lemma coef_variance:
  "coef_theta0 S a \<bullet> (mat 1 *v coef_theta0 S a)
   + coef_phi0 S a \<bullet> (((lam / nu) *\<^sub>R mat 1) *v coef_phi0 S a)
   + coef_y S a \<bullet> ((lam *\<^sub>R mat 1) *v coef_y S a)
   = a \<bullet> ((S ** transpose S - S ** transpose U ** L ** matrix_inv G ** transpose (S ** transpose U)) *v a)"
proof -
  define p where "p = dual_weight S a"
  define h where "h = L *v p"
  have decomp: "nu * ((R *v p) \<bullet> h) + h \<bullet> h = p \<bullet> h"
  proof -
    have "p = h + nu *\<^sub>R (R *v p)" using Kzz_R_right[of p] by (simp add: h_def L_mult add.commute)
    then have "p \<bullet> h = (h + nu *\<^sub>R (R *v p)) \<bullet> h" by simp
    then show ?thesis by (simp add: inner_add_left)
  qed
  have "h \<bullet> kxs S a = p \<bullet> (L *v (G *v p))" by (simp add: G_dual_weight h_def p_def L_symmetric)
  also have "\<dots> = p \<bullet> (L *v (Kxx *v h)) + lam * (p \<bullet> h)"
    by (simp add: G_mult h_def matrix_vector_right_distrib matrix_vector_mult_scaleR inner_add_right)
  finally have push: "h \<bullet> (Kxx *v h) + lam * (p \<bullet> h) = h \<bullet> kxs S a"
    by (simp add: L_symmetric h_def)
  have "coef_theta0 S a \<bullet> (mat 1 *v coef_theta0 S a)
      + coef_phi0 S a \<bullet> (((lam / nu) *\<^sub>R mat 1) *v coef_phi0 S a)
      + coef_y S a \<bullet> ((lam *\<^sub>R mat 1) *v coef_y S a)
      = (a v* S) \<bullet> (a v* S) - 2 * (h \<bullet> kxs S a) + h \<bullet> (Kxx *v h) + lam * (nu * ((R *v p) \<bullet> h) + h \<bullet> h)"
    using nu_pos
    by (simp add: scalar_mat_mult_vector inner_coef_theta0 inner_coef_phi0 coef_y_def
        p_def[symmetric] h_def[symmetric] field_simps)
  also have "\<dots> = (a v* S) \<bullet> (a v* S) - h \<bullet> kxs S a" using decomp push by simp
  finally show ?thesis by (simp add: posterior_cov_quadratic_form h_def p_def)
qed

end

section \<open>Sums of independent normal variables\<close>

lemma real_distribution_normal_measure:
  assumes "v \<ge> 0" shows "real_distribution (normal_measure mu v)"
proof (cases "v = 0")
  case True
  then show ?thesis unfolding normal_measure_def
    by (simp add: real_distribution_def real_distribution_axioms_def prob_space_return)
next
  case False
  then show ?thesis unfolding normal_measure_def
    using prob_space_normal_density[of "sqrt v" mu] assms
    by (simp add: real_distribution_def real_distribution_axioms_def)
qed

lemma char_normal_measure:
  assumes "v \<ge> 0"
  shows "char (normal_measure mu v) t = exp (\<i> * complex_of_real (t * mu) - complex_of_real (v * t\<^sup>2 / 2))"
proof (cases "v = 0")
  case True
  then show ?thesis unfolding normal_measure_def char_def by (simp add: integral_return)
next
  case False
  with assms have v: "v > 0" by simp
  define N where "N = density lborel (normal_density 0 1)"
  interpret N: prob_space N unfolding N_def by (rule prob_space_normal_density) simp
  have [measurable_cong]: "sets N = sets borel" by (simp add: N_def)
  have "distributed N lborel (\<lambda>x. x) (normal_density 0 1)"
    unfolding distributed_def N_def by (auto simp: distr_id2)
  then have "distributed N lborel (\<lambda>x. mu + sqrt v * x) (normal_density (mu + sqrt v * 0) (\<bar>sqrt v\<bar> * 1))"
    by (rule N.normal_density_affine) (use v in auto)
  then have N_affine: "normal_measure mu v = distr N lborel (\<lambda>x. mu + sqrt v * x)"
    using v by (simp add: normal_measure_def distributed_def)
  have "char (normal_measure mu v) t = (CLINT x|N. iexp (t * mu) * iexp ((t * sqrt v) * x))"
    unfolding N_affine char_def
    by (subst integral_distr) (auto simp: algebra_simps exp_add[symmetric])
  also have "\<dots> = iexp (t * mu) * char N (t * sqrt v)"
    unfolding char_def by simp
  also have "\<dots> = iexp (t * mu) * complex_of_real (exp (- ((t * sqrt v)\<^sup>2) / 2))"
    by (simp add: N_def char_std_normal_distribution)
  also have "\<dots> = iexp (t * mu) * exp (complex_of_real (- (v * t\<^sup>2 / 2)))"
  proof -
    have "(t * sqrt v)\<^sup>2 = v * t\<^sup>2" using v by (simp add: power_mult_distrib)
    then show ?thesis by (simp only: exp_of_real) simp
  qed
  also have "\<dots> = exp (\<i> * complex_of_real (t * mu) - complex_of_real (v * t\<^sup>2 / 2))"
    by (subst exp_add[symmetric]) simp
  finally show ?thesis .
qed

- _Task directions_
Present each line from the listing that holds the string "assms".

- _Result of the task_
    using prob_space_normal_density[of "sqrt v" mu] assms
  with assms have v: "v > 0" by simp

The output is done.